(Extracted data entries)
lemma l1_nth_trunc: "l1_nth (l1_trunc N x) n = (if n < N then l1_nth x n else 0)" by transfer simp

lemma norm_trunc_le: "norm (l1_trunc N x) \<le> norm x"
proof -
  have s: "summable (\<lambda>n. \<bar>if n < N then l1_nth x n else 0\<bar>)"
    by (rule summable_comparison_test[OF _ summable_abs_l1_nth[of x]]) (intro exI[of _ 0], auto)
  show ?thesis unfolding norm_l1_eq l1_nth_trunc
    by (rule suminf_le[OF _ s summable_abs_l1_nth]) auto
qed

lemma norm_l1_tail_tendsto: "(\<lambda>N. norm (x - l1_trunc N x)) \<longlonglongrightarrow> 0"
proof (rule LIMSEQ_I)
  fix r :: real assume r: "r > 0"
  obtain N0 where N0: "\<forall>n\<ge>N0. norm (\<Sum>i. \<bar>l1_nth x (i + n)\<bar>) < r"
    using suminf_exist_split[OF r summable_abs_l1_nth] by blast
  show "\<exists>N0. \<forall>N\<ge>N0. norm (norm (x - l1_trunc N x) - 0) < r"
  proof (intro exI allI impI)
    fix N assume "N \<ge> N0"
    have s: "summable (\<lambda>n. \<bar>l1_nth (x - l1_trunc N x) n\<bar>)" by (rule summable_abs_l1_nth)
    have "norm (x - l1_trunc N x) = (\<Sum>i. \<bar>l1_nth (x - l1_trunc N x) (i + N)\<bar>) + (\<Sum>i<N. \<bar>l1_nth (x - l1_trunc N x) i\<bar>)"
      unfolding norm_l1_eq by (rule suminf_split_initial_segment[OF s])
    also have "\<dots> = (\<Sum>i. \<bar>l1_nth x (i + N)\<bar>)" by (simp add: l1_nth_trunc)
    finally show "norm (norm (x - l1_trunc N x) - 0) < r" using N0 \<open>N \<ge> N0\<close> by simp
  qed
qed

lemma l1_trunc_diff: "l1_trunc N (x - y) = l1_trunc N x - l1_trunc N y"
  by (rule l1_eqI) (simp add: l1_nth_trunc)

lemma norm_l1_tail_le: "norm (x - l1_trunc N x) \<le> norm x"
proof -
  have s: "summable (\<lambda>n. \<bar>l1_nth (x - l1_trunc N x) n\<bar>)" by (rule summable_abs_l1_nth)
  show ?thesis unfolding norm_l1_eq
    by (rule suminf_le[OF _ s summable_abs_l1_nth]) (simp add: l1_nth_trunc)
qed

lemma norm_l1_tail_antimono: "N \<le> N' \<Longrightarrow> norm (x - l1_trunc N' x) \<le> norm (x - l1_trunc N x)"
  unfolding norm_l1_eq
  by (rule suminf_le[OF _ summable_abs_l1_nth summable_abs_l1_nth]) (simp add: l1_nth_trunc)

lemma compact_uniform_l1_tails:
  assumes K: "compact K" and eta: "\<eta> > 0"
  shows "\<exists>N. \<forall>x\<in>K. norm (x - l1_trunc N x) \<le> \<eta>"
proof -
  have "K \<subseteq> (\<Union>c\<in>K. ball c (\<eta>/2))" using eta by auto
  then obtain C where C: "C \<subseteq> K" "finite C" "K \<subseteq> (\<Union>c\<in>C. ball c (\<eta>/2))"
    using compactE_image[OF K, of K "\<lambda>c. ball c (\<eta>/2)"] by blast
  have "\<forall>c\<in>C. \<exists>N. norm (c - l1_trunc N c) < \<eta>/2"
  proof
    fix c
    have "eventually (\<lambda>N. dist (norm (c - l1_trunc N c)) 0 < \<eta>/2) sequentially"
      using tendstoD[OF norm_l1_tail_tendsto[of c], of "\<eta>/2"] eta by simp
    then have "eventually (\<lambda>N. norm (c - l1_trunc N c) < \<eta>/2) sequentially" by simp
    then show "\<exists>N. norm (c - l1_trunc N c) < \<eta>/2" by (auto simp: eventually_sequentially)
  qed
  then obtain Nc where Nc: "\<And>c. c \<in> C \<Longrightarrow> norm (c - l1_trunc (Nc c) c) < \<eta>/2" by metis
  define N where "N = Max (insert 0 (Nc ` C))"
  have NcN: "c \<in> C \<Longrightarrow> Nc c \<le> N" for c using C(2) by (auto simp: N_def)
  show ?thesis
  proof (intro exI ballI)
    fix x assume "x \<in> K"
    then obtain c where c: "c \<in> C" "dist c x < \<eta>/2" using C(3) by auto
    have "norm (x - l1_trunc N x) = norm ((x - c) - l1_trunc N (x - c) + (c - l1_trunc N c))"
      by (simp add: l1_trunc_diff algebra_simps)
    also have "\<dots> \<le> norm ((x - c) - l1_trunc N (x - c)) + norm (c - l1_trunc N c)" by (rule norm_triangle_ineq)
    also have "\<dots> \<le> norm (x - c) + norm (c - l1_trunc (Nc c) c)"
      by (intro add_mono norm_l1_tail_le norm_l1_tail_antimono NcN c)
    also have "\<dots> \<le> \<eta>" using c Nc[OF c(1)] by (simp add: dist_norm norm_minus_commute)
    finally show "norm (x - l1_trunc N x) \<le> \<eta>" .
  qed
qed


section \<open>Strongly continuous semigroups and mild solutions\<close>

locale C0_semigroup =
  fixes T :: "real \<Rightarrow> 'a::banach \<Rightarrow> 'a"
  assumes bounded_linear_T: "t \<ge> 0 \<Longrightarrow> bounded_linear (T t)"
    and T_0 [simp]: "T 0 x = x"
    and T_add: "t \<ge> 0 \<Longrightarrow> s \<ge> 0 \<Longrightarrow> T (t + s) x = T t (T s x)"
    and T_tendsto: "t \<ge> 0 \<Longrightarrow> ((\<lambda>s. T s x) \<longlongrightarrow> T t x) (at t within {0..})"
begin

lemma T_linear_simps:
  assumes "t \<ge> 0"
  shows "T t (x + y) = T t x + T t y" "T t (x - y) = T t x - T t y" "T t (c *\<^sub>R x) = c *\<^sub>R T t x"
    "T t 0 = 0"
  using bounded_linear_T[OF assms] by (simp_all add: linear_simps)

lemma continuous_on_T_orbit: "continuous_on {0..} (\<lambda>s. T s x)"
  using T_tendsto by (simp add: continuous_on_def)

lemma T_uniform_bound:
  assumes "b \<ge> 0"
  shows "\<exists>M>0. \<forall>t\<in>{0..b}. \<forall>x. norm (T t x) \<le> M * norm x"
proof (rule uniform_boundedness)
  show "bounded_linear (T t)" if "t \<in> {0..b}" for t using bounded_linear_T that by simp
  fix x
  have "compact ((\<lambda>t. T t x) ` {0..b})"
    by (intro compact_continuous_image continuous_on_subset[OF continuous_on_T_orbit]) auto
  then show "\<exists>B. \<forall>t\<in>{0..b}. norm (T t x) \<le> B"
    by (meson bounded_iff compact_imp_bounded imageI)
qed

§ Exercise prompt: The answer must be every line from the records above that contains the word "real", copied out.

§ Solution for this problem:
  fix r :: real assume r: "r > 0"
  fixes T :: "real \<Rightarrow> 'a::banach \<Rightarrow> 'a"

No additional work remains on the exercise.